- **TASK BRIEF**:
Within the records, tally the lines that contain "subline" and reply with that number only.
SUPPLIED ENTRIES: Begin
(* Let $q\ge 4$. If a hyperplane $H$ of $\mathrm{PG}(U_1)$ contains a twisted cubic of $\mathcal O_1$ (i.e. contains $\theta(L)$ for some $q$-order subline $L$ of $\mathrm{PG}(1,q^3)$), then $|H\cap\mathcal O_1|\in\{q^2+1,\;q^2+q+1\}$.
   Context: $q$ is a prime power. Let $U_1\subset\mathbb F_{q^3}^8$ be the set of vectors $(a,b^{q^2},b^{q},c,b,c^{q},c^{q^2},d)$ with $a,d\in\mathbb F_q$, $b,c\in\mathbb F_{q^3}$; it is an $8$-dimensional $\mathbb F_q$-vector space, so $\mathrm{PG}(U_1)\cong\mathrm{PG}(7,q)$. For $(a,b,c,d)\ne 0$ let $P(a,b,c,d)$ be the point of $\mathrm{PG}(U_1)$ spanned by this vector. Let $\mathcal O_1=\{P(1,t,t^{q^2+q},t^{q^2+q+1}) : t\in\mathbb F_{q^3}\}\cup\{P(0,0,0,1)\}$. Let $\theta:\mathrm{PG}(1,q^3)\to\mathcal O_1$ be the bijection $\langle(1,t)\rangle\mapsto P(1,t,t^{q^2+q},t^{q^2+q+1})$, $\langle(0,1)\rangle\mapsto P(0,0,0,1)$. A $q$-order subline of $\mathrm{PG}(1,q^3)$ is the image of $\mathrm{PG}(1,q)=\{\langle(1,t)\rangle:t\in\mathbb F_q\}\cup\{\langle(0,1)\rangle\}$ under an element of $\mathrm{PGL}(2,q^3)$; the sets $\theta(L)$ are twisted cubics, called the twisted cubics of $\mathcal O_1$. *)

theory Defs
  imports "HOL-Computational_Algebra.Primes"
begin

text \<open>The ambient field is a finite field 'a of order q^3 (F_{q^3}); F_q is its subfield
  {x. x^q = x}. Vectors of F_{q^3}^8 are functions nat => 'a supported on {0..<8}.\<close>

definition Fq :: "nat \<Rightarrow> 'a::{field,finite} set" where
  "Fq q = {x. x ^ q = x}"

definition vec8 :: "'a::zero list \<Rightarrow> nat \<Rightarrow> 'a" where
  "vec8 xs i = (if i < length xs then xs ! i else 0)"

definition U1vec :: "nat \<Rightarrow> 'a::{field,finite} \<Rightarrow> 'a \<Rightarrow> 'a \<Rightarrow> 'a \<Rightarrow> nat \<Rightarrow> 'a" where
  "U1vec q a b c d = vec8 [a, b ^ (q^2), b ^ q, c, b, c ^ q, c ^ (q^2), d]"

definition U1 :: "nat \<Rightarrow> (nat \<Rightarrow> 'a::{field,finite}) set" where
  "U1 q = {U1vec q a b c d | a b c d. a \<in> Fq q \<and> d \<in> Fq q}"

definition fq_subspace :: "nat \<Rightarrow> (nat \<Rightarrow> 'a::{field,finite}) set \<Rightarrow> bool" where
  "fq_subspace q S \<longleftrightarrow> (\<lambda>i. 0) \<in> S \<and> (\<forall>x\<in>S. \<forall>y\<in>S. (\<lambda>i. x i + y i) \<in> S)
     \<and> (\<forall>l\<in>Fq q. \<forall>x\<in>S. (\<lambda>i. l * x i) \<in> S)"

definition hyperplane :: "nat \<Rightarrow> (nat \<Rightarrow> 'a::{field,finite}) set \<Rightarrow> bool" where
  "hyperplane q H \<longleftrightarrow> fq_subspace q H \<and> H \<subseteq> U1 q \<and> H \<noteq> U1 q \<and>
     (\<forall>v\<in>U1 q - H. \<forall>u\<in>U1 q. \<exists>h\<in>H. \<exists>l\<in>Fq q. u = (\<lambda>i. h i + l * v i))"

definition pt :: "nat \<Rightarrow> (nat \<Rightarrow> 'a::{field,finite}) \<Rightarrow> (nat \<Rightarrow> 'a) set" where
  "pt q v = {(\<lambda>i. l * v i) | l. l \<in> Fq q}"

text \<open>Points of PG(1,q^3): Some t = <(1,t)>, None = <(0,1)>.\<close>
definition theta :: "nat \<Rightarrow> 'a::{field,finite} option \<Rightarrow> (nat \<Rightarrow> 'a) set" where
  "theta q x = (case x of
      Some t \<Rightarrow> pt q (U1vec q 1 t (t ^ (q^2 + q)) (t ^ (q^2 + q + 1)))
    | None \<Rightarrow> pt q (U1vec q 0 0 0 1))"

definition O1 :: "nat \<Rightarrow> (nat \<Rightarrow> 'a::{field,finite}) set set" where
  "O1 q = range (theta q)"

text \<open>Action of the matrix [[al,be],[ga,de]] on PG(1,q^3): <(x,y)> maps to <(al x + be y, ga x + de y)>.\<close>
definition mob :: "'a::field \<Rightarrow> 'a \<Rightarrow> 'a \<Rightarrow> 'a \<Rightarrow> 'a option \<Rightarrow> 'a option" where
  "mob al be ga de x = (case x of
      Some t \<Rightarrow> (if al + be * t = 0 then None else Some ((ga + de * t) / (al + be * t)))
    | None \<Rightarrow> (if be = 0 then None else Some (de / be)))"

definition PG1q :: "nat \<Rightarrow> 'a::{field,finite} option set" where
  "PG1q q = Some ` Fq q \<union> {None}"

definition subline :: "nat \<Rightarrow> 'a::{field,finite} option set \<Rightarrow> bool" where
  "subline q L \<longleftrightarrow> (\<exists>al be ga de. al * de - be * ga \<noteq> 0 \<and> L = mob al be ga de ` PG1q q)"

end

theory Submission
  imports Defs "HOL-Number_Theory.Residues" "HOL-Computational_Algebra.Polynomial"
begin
SUPPLIED ENTRIES: End
SUPPLIED ENTRIES: Begin
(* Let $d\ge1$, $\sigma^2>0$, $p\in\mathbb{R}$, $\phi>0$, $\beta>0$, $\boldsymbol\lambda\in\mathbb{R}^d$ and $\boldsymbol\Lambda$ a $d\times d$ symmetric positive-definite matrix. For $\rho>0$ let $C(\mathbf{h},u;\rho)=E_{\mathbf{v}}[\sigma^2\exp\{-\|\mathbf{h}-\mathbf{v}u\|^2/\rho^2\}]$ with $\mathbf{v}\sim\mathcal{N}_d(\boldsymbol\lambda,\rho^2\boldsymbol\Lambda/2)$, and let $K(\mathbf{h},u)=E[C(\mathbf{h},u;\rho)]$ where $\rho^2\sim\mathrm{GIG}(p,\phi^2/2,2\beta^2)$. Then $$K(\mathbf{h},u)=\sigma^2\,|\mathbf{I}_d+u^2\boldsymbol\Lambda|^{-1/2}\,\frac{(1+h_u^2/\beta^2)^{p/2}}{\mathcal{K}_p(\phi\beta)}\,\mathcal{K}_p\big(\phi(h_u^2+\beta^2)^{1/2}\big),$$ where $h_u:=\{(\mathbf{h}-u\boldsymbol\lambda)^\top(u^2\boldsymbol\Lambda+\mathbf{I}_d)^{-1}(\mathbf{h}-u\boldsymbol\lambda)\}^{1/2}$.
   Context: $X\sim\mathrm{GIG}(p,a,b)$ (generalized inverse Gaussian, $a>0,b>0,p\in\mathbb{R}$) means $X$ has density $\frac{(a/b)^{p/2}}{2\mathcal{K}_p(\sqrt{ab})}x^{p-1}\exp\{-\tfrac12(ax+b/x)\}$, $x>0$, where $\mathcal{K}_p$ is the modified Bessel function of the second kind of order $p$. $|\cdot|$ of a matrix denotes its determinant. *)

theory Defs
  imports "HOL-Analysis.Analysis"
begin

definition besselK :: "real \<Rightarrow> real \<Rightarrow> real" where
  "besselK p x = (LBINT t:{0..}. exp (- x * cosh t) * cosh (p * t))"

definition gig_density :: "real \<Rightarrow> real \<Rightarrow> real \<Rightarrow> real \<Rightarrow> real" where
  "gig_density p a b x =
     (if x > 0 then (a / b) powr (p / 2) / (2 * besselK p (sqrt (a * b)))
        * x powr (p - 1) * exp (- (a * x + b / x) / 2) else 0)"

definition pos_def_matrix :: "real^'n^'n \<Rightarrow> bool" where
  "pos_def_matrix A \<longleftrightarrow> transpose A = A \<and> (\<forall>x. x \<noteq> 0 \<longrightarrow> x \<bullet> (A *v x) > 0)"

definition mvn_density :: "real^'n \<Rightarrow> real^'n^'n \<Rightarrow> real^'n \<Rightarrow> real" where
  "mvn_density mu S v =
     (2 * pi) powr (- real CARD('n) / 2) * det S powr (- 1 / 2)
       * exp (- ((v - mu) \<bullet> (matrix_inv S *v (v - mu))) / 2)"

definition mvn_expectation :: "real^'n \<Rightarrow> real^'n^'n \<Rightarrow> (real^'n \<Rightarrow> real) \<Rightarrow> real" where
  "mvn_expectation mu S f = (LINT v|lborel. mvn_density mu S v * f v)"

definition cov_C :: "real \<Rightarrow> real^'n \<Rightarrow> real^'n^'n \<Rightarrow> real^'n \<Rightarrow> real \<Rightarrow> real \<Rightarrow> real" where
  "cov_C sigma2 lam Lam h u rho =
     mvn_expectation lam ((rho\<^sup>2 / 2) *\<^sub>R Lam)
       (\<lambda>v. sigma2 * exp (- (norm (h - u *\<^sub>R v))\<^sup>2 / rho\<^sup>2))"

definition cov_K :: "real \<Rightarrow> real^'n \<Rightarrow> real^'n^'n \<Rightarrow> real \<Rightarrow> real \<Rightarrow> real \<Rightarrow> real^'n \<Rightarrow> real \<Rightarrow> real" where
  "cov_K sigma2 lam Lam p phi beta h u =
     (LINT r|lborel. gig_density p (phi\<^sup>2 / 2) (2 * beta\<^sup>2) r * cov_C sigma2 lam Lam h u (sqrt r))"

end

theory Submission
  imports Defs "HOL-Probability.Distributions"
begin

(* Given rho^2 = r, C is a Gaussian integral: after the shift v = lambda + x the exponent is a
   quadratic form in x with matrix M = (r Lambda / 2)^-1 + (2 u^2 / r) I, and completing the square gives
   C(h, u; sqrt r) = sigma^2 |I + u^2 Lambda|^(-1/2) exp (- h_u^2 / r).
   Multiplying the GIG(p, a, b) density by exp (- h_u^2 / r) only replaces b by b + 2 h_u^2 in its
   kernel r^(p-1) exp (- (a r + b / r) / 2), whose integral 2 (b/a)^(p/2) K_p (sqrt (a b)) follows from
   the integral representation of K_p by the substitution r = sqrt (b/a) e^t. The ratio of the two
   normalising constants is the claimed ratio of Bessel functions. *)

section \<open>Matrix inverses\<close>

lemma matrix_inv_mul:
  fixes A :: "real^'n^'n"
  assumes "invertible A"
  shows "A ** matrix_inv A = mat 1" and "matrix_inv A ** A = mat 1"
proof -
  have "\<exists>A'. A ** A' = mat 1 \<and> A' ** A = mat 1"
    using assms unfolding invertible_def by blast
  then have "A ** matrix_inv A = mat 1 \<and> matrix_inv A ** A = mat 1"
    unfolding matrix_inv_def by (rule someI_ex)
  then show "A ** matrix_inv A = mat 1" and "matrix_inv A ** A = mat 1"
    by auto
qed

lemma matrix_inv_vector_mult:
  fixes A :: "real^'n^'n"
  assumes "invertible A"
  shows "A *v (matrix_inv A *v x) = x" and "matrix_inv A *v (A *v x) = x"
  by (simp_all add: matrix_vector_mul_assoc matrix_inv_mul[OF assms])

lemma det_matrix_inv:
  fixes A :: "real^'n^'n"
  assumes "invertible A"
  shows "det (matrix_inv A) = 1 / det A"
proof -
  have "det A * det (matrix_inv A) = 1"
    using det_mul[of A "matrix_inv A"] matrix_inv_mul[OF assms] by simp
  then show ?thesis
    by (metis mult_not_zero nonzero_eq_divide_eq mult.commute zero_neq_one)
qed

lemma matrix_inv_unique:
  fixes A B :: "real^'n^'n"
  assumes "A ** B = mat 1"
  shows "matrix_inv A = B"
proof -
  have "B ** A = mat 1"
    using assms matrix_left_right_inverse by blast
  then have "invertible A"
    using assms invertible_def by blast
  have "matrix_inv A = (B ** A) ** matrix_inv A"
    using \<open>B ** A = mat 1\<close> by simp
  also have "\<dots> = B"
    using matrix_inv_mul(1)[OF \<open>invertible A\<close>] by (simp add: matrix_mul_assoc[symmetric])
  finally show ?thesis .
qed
SUPPLIED ENTRIES: End
- **WRITTEN SOLUTION**:
4